Anyone as Failed to load model with llama.cpp
Tried multiple config, enabling/disabling :
-flash attention; qv cache Q8; context size; max gpu layers (28)
And i am getting "llama_model_load: error loading model"
LMStudio in the other hand, can load the model. Anyone with the same problem ?
That's the kind of error you get with a very old runtime, did you build it recently?

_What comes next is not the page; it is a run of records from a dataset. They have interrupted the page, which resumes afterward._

lemma pick_cycle_pred_image_notin:
  assumes c: "c \<subseteq> {..<n}" "card c = k" "0 \<notin> c" and a: "a < k"
  shows "pick (cycle_pred n ` c) a = cycle_pred n (pick c a)"
proof -
  have fin: "finite c" using c finite_subset by auto
  have val: "cycle_pred n (pick c b) = pick c b - 1" if "b < k" for b
    using pick_in_set[of b c] c that by (auto simp: cycle_pred_def)
  have pos: "0 < pick c b" if "b < k" for b
    using pick_in_set[of b c] c that by (metis gr0I)
  have mono: "strict_mono_on {..<k} (\<lambda>b. cycle_pred n (pick c b))"
  proof (intro strict_mono_onI)
    fix a b assume "a \<in> {..<k}" "b \<in> {..<k}" "a < b"
    then show "cycle_pred n (pick c a) < cycle_pred n (pick c b)"
      using val[of a] val[of b] pos[of a] pick_mono[of b c a] c(2) by simp
  qed
  have "pick c ` {..<k} = c"
    using bij_betw_imp_surj_on[OF bij_betw_pick[OF fin c(2)]] .
  then have "(\<lambda>b. cycle_pred n (pick c b)) ` {..<k} = cycle_pred n ` c"
    by (simp add: image_image[symmetric])
  from pick_strict_mono_on[OF mono this a] show ?thesis by simp
qed

lemma pick_cycle_pred_image_in:
  assumes c: "c \<subseteq> {..<n}" "card c = k" "0 \<in> c" and a: "a < k"
  shows "pick (cycle_pred n ` c) a = cycle_pred n (pick c (cycle_succ k a))"
proof -
  have fin: "finite c" using c finite_subset by auto
  have pick_less: "pick c b < n" if "b < k" for b
    using pick_in_set[of b c] c that by auto
  have pick_pos: "0 < pick c (Suc b)" if "Suc b < k" for b
  proof -
    have "pick c 0 < pick c (Suc b)" using pick_mono[of "Suc b" c 0] c(2) that by simp
    then show ?thesis by simp
  qed
  have val: "cycle_pred n (pick c (cycle_succ k b)) = (if Suc b = k then n - 1 else pick c (Suc b) - 1)"
    if "b < k" for b
  proof (cases "Suc b = k")
    case True
    then have "cycle_succ k b = 0" by (simp add: cycle_succ_def)
    moreover have "pick c 0 = 0" using c(3) by simp
    ultimately show ?thesis using True by (simp add: cycle_pred_def)
  next
    case False
    then have "cycle_succ k b = Suc b" using that by (simp add: cycle_succ_def)
    then show ?thesis using False pick_pos[of b] that by (simp add: cycle_pred_def)
  qed
  have mono: "strict_mono_on {..<k} (\<lambda>b. cycle_pred n (pick c (cycle_succ k b)))"
  proof (intro strict_mono_onI)
    fix a b assume "a \<in> {..<k}" "b \<in> {..<k}" "a < b"
    then have ab: "a < b" "a < k" "b < k" by auto
    have "0 < pick c (Suc a)" using ab by (intro pick_pos) simp
    moreover have "pick c (Suc a) < n" using ab by (intro pick_less) simp
    moreover have "pick c (Suc a) < pick c (Suc b)" if "Suc b < k"
      using pick_mono[of "Suc b" c "Suc a"] that ab c(2) by simp
    ultimately show "cycle_pred n (pick c (cycle_succ k a)) < cycle_pred n (pick c (cycle_succ k b))"
      unfolding val[OF \<open>a < k\<close>] val[OF \<open>b < k\<close>] using ab by (auto simp del: pick.simps)
  qed
  have "cycle_succ k ` {..<k} = {..<k}"
    using permutes_image[OF cycle_succ_permutes] by (simp add: atLeast0LessThan)
  moreover have "pick c ` {..<k} = c"
    using bij_betw_imp_surj_on[OF bij_betw_pick[OF fin c(2)]] .
  moreover have "(\<lambda>b. cycle_pred n (pick c (cycle_succ k b))) ` {..<k}
      = cycle_pred n ` pick c ` cycle_succ k ` {..<k}"
    by (simp only: image_image)
  ultimately have "(\<lambda>b. cycle_pred n (pick c (cycle_succ k b))) ` {..<k} = cycle_pred n ` c"
    by simp
  from pick_strict_mono_on[OF mono this a] show ?thesis by simp
qed

lemma sum_cycle_pred_image:
  assumes "c \<subseteq> {..<n}"
  shows "\<Sum>(cycle_pred n ` c) + card c = \<Sum>c + (if 0 \<in> c then n else 0)"
proof -
  have "\<Sum>(cycle_pred n ` c) = (\<Sum>x\<in>c. cycle_pred n x)"
    using sum.reindex[OF inj_on_subset[OF inj_on_cycle_pred assms], of "\<lambda>x. x"] by simp
  then have "\<Sum>(cycle_pred n ` c) + card c = (\<Sum>x\<in>c. cycle_pred n x + 1)"
    by (simp add: sum_Suc)
  also have "\<dots> = (\<Sum>x\<in>c. x + (if x = 0 then n else 0))"
    by (rule sum.cong) (use assms in \<open>auto simp: cycle_pred_def\<close>)
  also have "\<dots> = \<Sum>c + (if 0 \<in> c then n else 0)"
    using finite_subset[OF assms] by (simp add: sum.distrib)
  finally show ?thesis .
qed

section \<open>The twisted cyclic row shift\<close>

definition shift_rows :: "nat \<Rightarrow> nat \<Rightarrow> 'a::comm_ring_1 mat \<Rightarrow> 'a mat" where
  "shift_rows n k X =
     mat n k (\<lambda>(i,j). if i < n - 1 then X $$ (Suc i, j) else (-1)^(n+k+1) * X $$ (0, j))"

lemma shift_rows_carrier: "shift_rows n k X \<in> carrier_mat n k"
  by (simp add: shift_rows_def)

lemma shift_rows_index:
  "i < n - 1 \<Longrightarrow> j < k \<Longrightarrow> shift_rows n k X $$ (i, j) = X $$ (Suc i, j)"
  "Suc i = n \<Longrightarrow> j < k \<Longrightarrow> shift_rows n k X $$ (i, j) = (-1)^(n+k+1) * X $$ (0, j)"
  by (simp add: shift_rows_def) (drule sym, simp add: shift_rows_def)

lemma shift_rows_add:
  assumes "X \<in> carrier_mat n k" "Y \<in> carrier_mat n k"
  shows "shift_rows n k (X + Y) = shift_rows n k X + shift_rows n k Y"
  by (rule eq_matI) (use assms in \<open>auto simp: shift_rows_def algebra_simps\<close>)

lemma shift_rows_smult:
  assumes "X \<in> carrier_mat n k"
  shows "shift_rows n k (a \<cdot>\<^sub>m X) = a \<cdot>\<^sub>m shift_rows n k X"
  by (rule eq_matI) (use assms in \<open>auto simp: shift_rows_def algebra_simps\<close>)

lemma neg_one_power_square: "(-1::'a::comm_ring_1) ^ p * (-1) ^ p = 1"
  by (simp flip: power_mult_distrib)

definition unshift_rows :: "nat \<Rightarrow> nat \<Rightarrow> 'a::comm_ring_1 mat \<Rightarrow> 'a mat" where
  "unshift_rows n k Y =
     mat n k (\<lambda>(i,j). if i = 0 then (-1)^(n+k+1) * Y $$ (n - 1, j) else Y $$ (i - 1, j))"

lemma unshift_rows_carrier: "unshift_rows n k Y \<in> carrier_mat n k"
  by (simp add: unshift_rows_def)

lemma unshift_shift_rows: "X \<in> carrier_mat n k \<Longrightarrow> unshift_rows n k (shift_rows n k X) = X"
  by (rule eq_matI)
     (auto simp: shift_rows_def unshift_rows_def mult.assoc[symmetric] neg_one_power_square)

lemma shift_unshift_rows: "Y \<in> carrier_mat n k \<Longrightarrow> shift_rows n k (unshift_rows n k Y) = Y"
proof (rule eq_matI)
  fix i j assume "Y \<in> carrier_mat n k" "i < dim_row Y" "j < dim_col Y"
  then show "shift_rows n k (unshift_rows n k Y) $$ (i, j) = Y $$ (i, j)"
    by (cases "i = n - 1")
       (auto simp: shift_rows_def unshift_rows_def mult.assoc[symmetric] neg_one_power_square)
qed (auto simp: shift_rows_def)

lemma bij_betw_shift_rows: "bij_betw (shift_rows n k) (carrier_mat n k) (carrier_mat n k)"
  by (rule bij_betw_byWitness[of _ "unshift_rows n k"])
     (auto simp: unshift_shift_rows shift_unshift_rows shift_rows_carrier unshift_rows_carrier)

definition shift_vec :: "nat \<Rightarrow> nat \<Rightarrow> 'a::comm_ring_1 vec \<Rightarrow> 'a vec" where
  "shift_vec n k z = vec n (\<lambda>i. if i < n - 1 then z $ Suc i else (-1)^(n+k+1) * z $ 0)"

lemma shift_vec_index:
  "i < n - 1 \<Longrightarrow> shift_vec n k z $ i = z $ Suc i"
  "Suc i = n \<Longrightarrow> shift_vec n k z $ i = (-1)^(n+k+1) * z $ 0"
  by (simp add: shift_vec_def) (drule sym, simp add: shift_vec_def)

lemma transpose_mult_vec_index:
  assumes "A \<in> carrier_mat n k" "v \<in> carrier_vec n" "j < k"
  shows "(transpose_mat A *\<^sub>v v) $ j = (\<Sum>i<n. A $$ (i, j) * v $ i)"
  using assms by (simp add: mult_mat_vec_def scalar_prod_def atLeast0LessThan)

lemma sum_lessThan_split_last: "0 < (n::nat) \<Longrightarrow> (\<Sum>i<n. f i) = (\<Sum>i<n - 1. f i) + f (n - 1)"
  by (cases n) simp_all

lemma transpose_shift_rows_mult_shift_vec:
  assumes X: "X \<in> carrier_mat n k" and z: "z \<in> carrier_vec n" and n: "0 < n"
  shows "transpose_mat (shift_rows n k X) *\<^sub>v shift_vec n k z = transpose_mat X *\<^sub>v z"
proof (rule eq_vecI)
  fix j assume "j < dim_vec (transpose_mat X *\<^sub>v z)"
  then have j: "j < k" using X by simp
  obtain m where m: "n = Suc m" using n by (cases n) auto
  have "shift_vec n k z \<in> carrier_vec n" by (simp add: shift_vec_def)
  then have "(transpose_mat (shift_rows n k X) *\<^sub>v shift_vec n k z) $ j
      = (\<Sum>i<n. shift_rows n k X $$ (i, j) * shift_vec n k z $ i)"
    by (rule transpose_mult_vec_index[OF shift_rows_carrier _ j])
  also have "\<dots> = (\<Sum>i<n - 1. shift_rows n k X $$ (i, j) * shift_vec n k z $ i)
        + shift_rows n k X $$ (n - 1, j) * shift_vec n k z $ (n - 1)"
    by (rule sum_lessThan_split_last[OF n])
  also have "\<dots> = (\<Sum>i<n - 1. X $$ (Suc i, j) * z $ Suc i)
      + ((-1)^(n+k+1) * (-1)^(n+k+1)) * (X $$ (0, j) * z $ 0)"
    using j n by (simp add: shift_rows_index shift_vec_index mult_ac)
  also have "\<dots> = (\<Sum>i<n. X $$ (i, j) * z $ i)"
    unfolding neg_one_power_square mult_1 m sum.lessThan_Suc_shift by (simp add: add.commute)
  also have "\<dots> = (transpose_mat X *\<^sub>v z) $ j"
    by (rule transpose_mult_vec_index[OF X z j, symmetric])
  finally show "(transpose_mat (shift_rows n k X) *\<^sub>v shift_vec n k z) $ j = (transpose_mat X *\<^sub>v z) $ j" .
qed (use X in \<open>simp add: shift_rows_def\<close>)

lemma alternating_sum_shift_rows:
  assumes X: "X \<in> carrier_mat n k" and n: "0 < n" and k: "odd k" and j: "j < k"
  shows "(\<Sum>i<n. (-1) ^ Suc i * shift_rows n k X $$ (i, j)) = - (\<Sum>i<n. (-1) ^ Suc i * X $$ (i, j))"
proof -
  obtain m where m: "n = Suc m" using n by (cases n) auto
  have "(\<Sum>i<n. (-1) ^ Suc i * shift_rows n k X $$ (i, j))
      = (\<Sum>i<n - 1. (-1) ^ Suc i * shift_rows n k X $$ (i, j))
        + (-1) ^ Suc (n - 1) * shift_rows n k X $$ (n - 1, j)"
    by (rule sum_lessThan_split_last[OF n])
  also have "\<dots> = (\<Sum>i<n - 1. (-1) ^ Suc i * X $$ (Suc i, j))
      + ((-1) ^ Suc (n - 1) * (-1)^(n+k+1)) * X $$ (0, j)"
    using j n by (simp add: shift_rows_index mult.assoc)
  also have "(-1::'a) ^ Suc (n - 1) * (-1)^(n+k+1) = 1"
    using k n by (simp add: minus_one_power_iff)
  also have "(\<Sum>i<n - 1. (-1) ^ Suc i * X $$ (Suc i, j)) + 1 * X $$ (0, j)
      = - (\<Sum>i<n. (-1) ^ Suc i * X $$ (i, j))"
    unfolding m sum.lessThan_Suc_shift by (simp add: sum_negf)
  finally show ?thesis .
qed

lemma funpow_shift_vec:
  assumes z: "z \<in> carrier_vec n" and m: "m < n"
  shows "(shift_vec n k ^^ m) z = zcirc n k (Suc m) z"
  using m
proof (induction m)
  case 0
  show ?case by (rule eq_vecI) (use z in \<open>auto simp: zcirc_def\<close>)
next
  case (Suc m)
  then have IH: "(shift_vec n k ^^ m) z = zcirc n k (Suc m) z" by simp
  show ?case unfolding funpow.simps o_def IH
  proof (rule eq_vecI)
    fix j assume "j < dim_vec (zcirc n k (Suc (Suc m)) z)"
    then show "shift_vec n k (zcirc n k (Suc m) z) $ j = zcirc n k (Suc (Suc m)) z $ j"
      using Suc.prems by (cases "j = n - 1") (auto simp: shift_vec_def zcirc_def)
  qed (simp add: shift_vec_def zcirc_def)
qed

section \<open>The Cullis determinant changes sign under the shift\<close>

lemma shift_rows_cycle_pred:
  assumes "X \<in> carrier_mat n k" "x < n" "j < k"
  shows "shift_rows n k X $$ (cycle_pred n x, j) = (if x = 0 then (-1)^(n+k+1) else 1) * X $$ (x, j)"
  using assms cycle_pred_less[OF assms(2)] by (auto simp: shift_rows_def cycle_pred_def)

lemma submatrix_shift_rows_notin:
  assumes X: "X \<in> carrier_mat n k" and c: "c \<subseteq> {..<n}" "card c = m" "0 \<notin> c"
  shows "submatrix (shift_rows n k X) (cycle_pred n ` c) {..<k} = submatrix X c {..<k}"
proof -
  have "submatrix (shift_rows n k X) (cycle_pred n ` c) {..<k}
      = mat m k (\<lambda>(i,j). shift_rows n k X $$ (pick (cycle_pred n ` c) i, j))"
    using cycle_pred_image[OF c(1,2)] shift_rows_carrier by (rule submatrix_eq_mat[rotated])
  also have "\<dots> = mat m k (\<lambda>(i,j). X $$ (pick c i, j))" (is "?L = ?R")
  proof (intro eq_matI)
    fix i j assume "i < dim_row ?R" "j < dim_col ?R"
    then have i: "i < m" and j: "j < k" by auto
    have pc: "pick c i \<in> c" using pick_in_set[of i c] i c(2) by simp
    then have "pick c i < n" using c(1) by auto
    moreover have "pick c i \<noteq> 0"
      using pc c(3) by (intro notI) simp
    ultimately show "?L $$ (i, j) = ?R $$ (i, j)"
      using i j pick_cycle_pred_image_notin[OF c(1,2,3) i] shift_rows_cycle_pred[OF X _ j]
      by auto
  qed auto
  also have "\<dots> = submatrix X c {..<k}" using submatrix_eq_mat[OF X c(1,2)] by simp
  finally show ?thesis .
qed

I've just built it know and still get the same error. Really don't know what's wrong, did not saw anything mentioning this problem anywhere.
git describe --tags
b5133
nvcc --version
nvcc: NVIDIA (R) Cuda compiler driver
Copyright (c) 2005-2024 NVIDIA Corporation
Built on Wed_Oct_30_01:18:48_Pacific_Daylight_Time_2024
Cuda compilation tools, release 12.6, V12.6.85
Build cuda_12.6.r12.6/compiler.35059454_0
Ok found what's the problem, it seems related to the disk, when model switch to SSD (previously hdd) it suddently worked. Don't know why llama.cpp don't achieve to load the model from HDD whereas LM Studio based on llama.cpp can.
Dafuq, that's extremely unexpected, almost like llama.cpp is getting impatient while loading and assuming it fails..?